Nach dem Kamm ist der Hund dann eigentlich fertig. Bitte kontrollieren Sie aber, ob die Haare in den Ohren noch okay sind und ob der After kurz genug ist und auch die Haare zwischen den Pfotenballen nicht schon so lang sind, dass der Hund nur noch auf Fell tapst. Bei der Gelegenheit noch ein Hinweis: Wenn Ihr Bär einmal humpeln sollte, kontrollieren Sie bitte das Fell zwischen den Pfoten.
Oft bilden sich da kleine Filzknubbel, die ganz hart werden und den Hund beim Laufen behindern. Diese Knoten ganz vorsichtig mit einer kurzen Schere, z.B. einer Nagelschere heraus schneiden.

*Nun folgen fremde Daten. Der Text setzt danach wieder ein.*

lemma closed_convex_has_min_norm:
  fixes S :: "'a::{real_inner,complete_space} set"
  assumes "closed S" and "convex S" and "S \<noteq> {}"
  obtains z where "z \<in> S" and "\<And>x. x \<in> S \<Longrightarrow> norm z \<le> norm x"
proof -
  define d where "d = Inf (norm ` S)"
  have bdd: "bdd_below (norm ` S)" by (auto intro: bdd_belowI[where m = 0])
  have d_le: "d \<le> norm x" if "x \<in> S" for x
    unfolding d_def using bdd that by (simp add: cInf_lower)
  have "d \<in> closure (norm ` S)"
    unfolding d_def using assms(3) bdd by (intro closure_contains_Inf) auto
  then obtain r where r: "\<And>n. r n \<in> norm ` S" and "r \<longlonglongrightarrow> d"
    by (auto simp: closure_sequential)
  from r have "\<forall>n. \<exists>x\<in>S. r n = norm x" by blast
  then obtain xs where xs: "\<And>n. xs n \<in> S" and norm_xs: "\<And>n. norm (xs n) = r n" by metis
  have lim_norm: "(\<lambda>n. norm (xs n)) \<longlonglongrightarrow> d" using \<open>r \<longlonglongrightarrow> d\<close> by (simp add: norm_xs)
  have d_nonneg: "0 \<le> d"
    unfolding d_def using assms(3) by (intro cInf_greatest) auto
  \<comment> \<open>parallelogram law, with the midpoint of two points of S again in S\<close>
  define e where "e n = 2 * ((norm (xs n))\<^sup>2 - d\<^sup>2)" for n
  have "(norm (xs m - xs n))\<^sup>2 \<le> e m + e n" for m n
  proof -
    have "(1/2) *\<^sub>R xs m + (1/2) *\<^sub>R xs n \<in> S"
      using xs by (intro convexD[OF assms(2)]) auto
    from d_le[OF this] have "2 * d \<le> norm (xs m + xs n)"
      by (simp add: scaleR_add_right[symmetric])
    then have "4 * d\<^sup>2 \<le> (norm (xs m + xs n))\<^sup>2"
      using power_mono[of "2 * d" _ 2] d_nonneg by (simp add: power_mult_distrib)
    moreover have "(norm (xs m - xs n))\<^sup>2 + (norm (xs m + xs n))\<^sup>2
        = 2 * (norm (xs m))\<^sup>2 + 2 * (norm (xs n))\<^sup>2"
      by (simp add: power2_norm_eq_inner inner_add_left inner_add_right
          inner_diff_left inner_diff_right inner_commute)
    ultimately show ?thesis unfolding e_def right_diff_distrib by linarith
  qed
  moreover have "(\<lambda>n. (norm (xs n))\<^sup>2 - d\<^sup>2) \<longlonglongrightarrow> 0"
    using tendsto_diff[OF tendsto_power[OF lim_norm, of 2] tendsto_const[of "d\<^sup>2"]] by simp
  then have "e \<longlonglongrightarrow> 0"
    unfolding e_def by (rule tendsto_mult_right_zero)
  ultimately have "Cauchy xs"
    by (intro Cauchy_if_dist_sq_le[where e = e]) (simp_all add: dist_norm)
  then obtain z where lim: "xs \<longlonglongrightarrow> z" using Cauchy_convergent_iff convergent_def by blast
  have "z \<in> S" using closed_sequentially[OF assms(1) xs lim] .
  moreover have "norm z = d" using LIMSEQ_unique[OF tendsto_norm[OF lim] lim_norm] .
  ultimately show thesis using that d_le by auto
qed

lemma inner_eq_zero_if_norm_le_on_line:
  fixes z k :: "'a::real_inner"
  assumes min: "\<And>t. norm z \<le> norm (z + t *\<^sub>R k)"
  shows "inner z k = 0"
proof (cases "k = 0")
  case False
  define c where "c = inner z k"
  define q where "q = inner k k"
  have q: "0 < q" using False unfolding q_def by simp
  have expand: "(norm (z + t *\<^sub>R k))\<^sup>2 = (norm z)\<^sup>2 + 2 * t * c + t * t * q" for t
    unfolding c_def q_def
    by (simp add: power2_norm_eq_inner inner_add_left inner_add_right inner_commute algebra_simps)
  have "(norm z)\<^sup>2 \<le> (norm (z + (- c / q) *\<^sub>R k))\<^sup>2"
    using min[of "- c / q"] by (intro power_mono) auto
  also have "\<dots> = (norm z)\<^sup>2 - c\<^sup>2 / q"
    unfolding expand using q by (simp add: field_simps power2_eq_square)
  finally have "c\<^sup>2 / q \<le> 0" by simp
  then show ?thesis using q unfolding c_def by (simp add: divide_le_0_iff)
qed simp

lemma riesz_representation:
  fixes f :: "'a::{real_inner,complete_space} \<Rightarrow> real"
  assumes "bounded_linear f"
  shows "\<exists>h. \<forall>x. f x = inner h x"
proof (cases "\<forall>x. f x = 0")
  case True
  then show ?thesis by (intro exI[of _ 0]) simp
next
  case False
  interpret f: bounded_linear f by fact
  from False obtain e where e: "f e \<noteq> 0" by auto
  define S where "S = {x. f x = 1}"
  have "closed S" unfolding S_def
    by (intro closed_Collect_eq f.continuous_on continuous_on_const continuous_on_id)
  moreover have "convex S" unfolding S_def convex_def by (simp add: f.add f.scale)
  moreover have "(1 / f e) *\<^sub>R e \<in> S" using e by (simp add: S_def f.scale)
  ultimately obtain z where z: "z \<in> S" and min: "\<And>x. x \<in> S \<Longrightarrow> norm z \<le> norm x"
    using closed_convex_has_min_norm by blast
  have orth: "inner z k = 0" if "f k = 0" for k
    using z that by (intro inner_eq_zero_if_norm_le_on_line min) (simp add: S_def f.add f.scale)
  have fz: "f z = 1" using z by (simp add: S_def)
  have "f x = inner ((1 / inner z z) *\<^sub>R z) x" for x
  proof -
    have "inner z (x - f x *\<^sub>R z) = 0" using fz by (intro orth) (simp add: f.diff f.scale)
    then show ?thesis using fz by (auto simp: inner_diff_right)
  qed
  then show ?thesis by blast
qed

lemma embH_apply:
  assumes "bounded_linear \<iota>"
  shows "blinfun_apply (embH \<iota> h) z = inner h (\<iota> z)"
proof -
  have "bounded_linear (\<lambda>z. inner h (\<iota> z))"
    using bounded_linear_compose[OF bounded_linear_inner_right assms] by (simp add: o_def)
  then show ?thesis unfolding embH_def by (simp add: bounded_linear_Blinfun_apply)
qed

lemma Linf_blin_compose_isometry:
  assumes "linear L" and "\<And>x. norm (L x) = norm x" and "Linf_blin I v"
  shows "Linf_blin I (\<lambda>x. v (L x))"
proof -
  from assms(3) obtain C where
      meas: "\<And>f. v f \<in> borel_measurable (lebesgue_on I)"
    and lin: "\<And>a b f g. AE t in lebesgue_on I. v (a *\<^sub>R f + b *\<^sub>R g) t = a *\<^sub>R v f t + b *\<^sub>R v g t"
    and bound: "\<And>f. AE t in lebesgue_on I. norm (v f t) \<le> C * norm f"
    unfolding Linf_blin_def by blast
  show ?thesis
    unfolding Linf_blin_def linear_add[OF assms(1)] linear_scale[OF assms(1)]
    using meas lin bound[of "L f" for f] by (auto simp: assms(2))
qed

lemma Linf_opnorm_le_compose_isometry:
  assumes "\<And>x. norm (L x) = norm x" and "Linf_opnorm_le I v K"
  shows "Linf_opnorm_le I (\<lambda>x. v (L x)) K"
  using assms(2) unfolding Linf_opnorm_le_def by (metis assms(1))

locale gelfand_triple =
  fixes \<iota> :: "'v::{real_inner,complete_space} \<Rightarrow> 'h::{real_inner,complete_space}"
    and A :: "'v \<Rightarrow> ('v \<Rightarrow>\<^sub>L real)"
  assumes A_apply: "\<And>y z. blinfun_apply (A y) z = inner y z"
    and bounded_linear_emb: "bounded_linear \<iota>"
    and dense_emb: "closure (range \<iota>) = UNIV"
begin

lemma A_eq_blinfun_inner_right: "A = blinfun_inner_right"
  by (intro ext blinfun_eqI) (simp add: A_apply)

lemma bounded_linear_A: "bounded_linear A"
  unfolding A_eq_blinfun_inner_right by (rule bounded_linear_blinfun_inner_right)

lemmas linear_A = bounded_linear.linear[OF bounded_linear_A]

lemma norm_A [simp]: "norm (A x) = norm x"
proof (rule antisym)
  show "norm (A x) \<le> norm x"
    by (rule norm_blinfun_bound) (simp_all add: A_apply Cauchy_Schwarz_ineq2)
  have "norm x * norm x = blinfun_apply (A x) x"
    by (simp add: A_apply power2_eq_square[symmetric] power2_norm_eq_inner)
  also have "\<dots> \<le> norm (A x) * norm x"
    using norm_blinfun[of "A x" x] by simp
  finally show "norm x \<le> norm (A x)"
    by (cases "x = 0") (auto simp: mult_le_cancel_right)
qed

lemma inj_A: "inj A"
proof (rule injI)
  fix x y assume "A x = A y"
  then have "\<forall>z. inner x z = inner y z" by (metis A_apply)
  then show "x = y" by (simp add: vector_eq_rdot)
qed

lemma A_Ainv_Vd [simp]: "A (Ainv_Vd A F) = F"
proof -
  obtain h where "\<forall>x. blinfun_apply F x = inner h x"
    using riesz_representation[OF blinfun.bounded_linear_right] by blast
  then have "A h = F" by (intro blinfun_eqI) (simp add: A_apply)
  then have "\<exists>!x. A x = F" using inj_A by (auto dest: injD)
  then show ?thesis unfolding Ainv_Vd_def by (rule theI')
qed

lemma Ainv_Vd_A [simp]: "Ainv_Vd A (A x) = x"
  by (rule injD[OF inj_A]) simp

lemma linear_embH: "linear (embH \<iota>)"
  by (rule linearI; rule blinfun_eqI)
    (simp_all add: embH_apply[OF bounded_linear_emb] inner_add_left plus_blinfun.rep_eq scaleR_blinfun.rep_eq)

lemma embH_inj:
  assumes "embH \<iota> h1 = embH \<iota> h2"
  shows "h1 = h2"
proof -
  have "range \<iota> \<subseteq> {x. inner (h1 - h2) x = 0}"
    using arg_cong[OF assms, of "\<lambda>f. blinfun_apply f z" for z]
    by (auto simp: embH_apply[OF bounded_linear_emb] inner_diff_left)
  then have "closure (range \<iota>) \<subseteq> {x. inner (h1 - h2) x = 0}"
    by (intro closure_minimal closed_Collect_eq continuous_intros)
  then have "h1 - h2 \<in> {x. inner (h1 - h2) x = 0}" using dense_emb by blast
  then show ?thesis by simp
qed

lemma A_eq_embH_AH:
  assumes "y \<in> domA A \<iota>"
  shows "A y = embH \<iota> (AH A \<iota> y)"
proof -
  obtain h where "A y = embH \<iota> h" using assms unfolding domA_def by blast
  then have "\<exists>!h. A y = embH \<iota> h" by (auto intro: embH_inj)
  then show ?thesis unfolding AH_def by (rule theI')
qed

lemma inner_AH:
  assumes "\<psi> \<in> domA A \<iota>"
  shows "inner (AH A \<iota> \<psi>) (\<iota> x) = inner \<psi> x"
  using arg_cong[OF A_eq_embH_AH[OF assms], of "\<lambda>f. blinfun_apply f x"]
  by (simp add: A_apply embH_apply[OF bounded_linear_emb])

definition Ainv_H :: "'h \<Rightarrow> 'v" where
  "Ainv_H h = Ainv_Vd A (embH \<iota> h)"

lemma Ainv_H_in_domA: "Ainv_H h \<in> domA A \<iota>"
  unfolding Ainv_H_def domA_def by auto

lemma A_Ainv_H: "A (Ainv_H h) = embH \<iota> h"
  by (simp add: Ainv_H_def)

lemma AH_Ainv_H [simp]: "AH A \<iota> (Ainv_H h) = h"
  using A_eq_embH_AH[OF Ainv_H_in_domA, of h] A_Ainv_H[of h] by (metis embH_inj)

An all diesen Stellen sollten Sie, auch wenn Sie nicht selber trimmen wollen, schon mal selber Hand anlegen.

Achtung!

Das Haar in den Ohren darf NIE mit einer Schere weg geschnitten werden. Es muss heraus gezupft werden. Wenn Sie sich das nicht zutrauen oder wie ich eine kleine Kreischtüte zu Hause haben, dann hilft Ihnen auch gerne der Tierarzt.

So in etwa alle 3 Wochen ist aber nach dem Kämmen noch nicht Schluss.

Unsere Bouviers haaren nicht.

Der Bouvier hat eine unterschiedlich stark ausgeprägte Unterwolle und das raue Deckhaar. Diese Unterwolle sollte so etwa alle 3 Wochen mit einem sog. Coat King ebenfalls heraus gekämmt werden. Der Hund sollte aber vorher unbedingt gut gekämmt sein, da es sonst schmerzhaft ist, wenn Sie die Unterwolle raus kämmen. Das Auslüften der Unterwolle ist für den Hund angenehm: es ist so, als würden Sie ihm den dicken Pulli ausziehen.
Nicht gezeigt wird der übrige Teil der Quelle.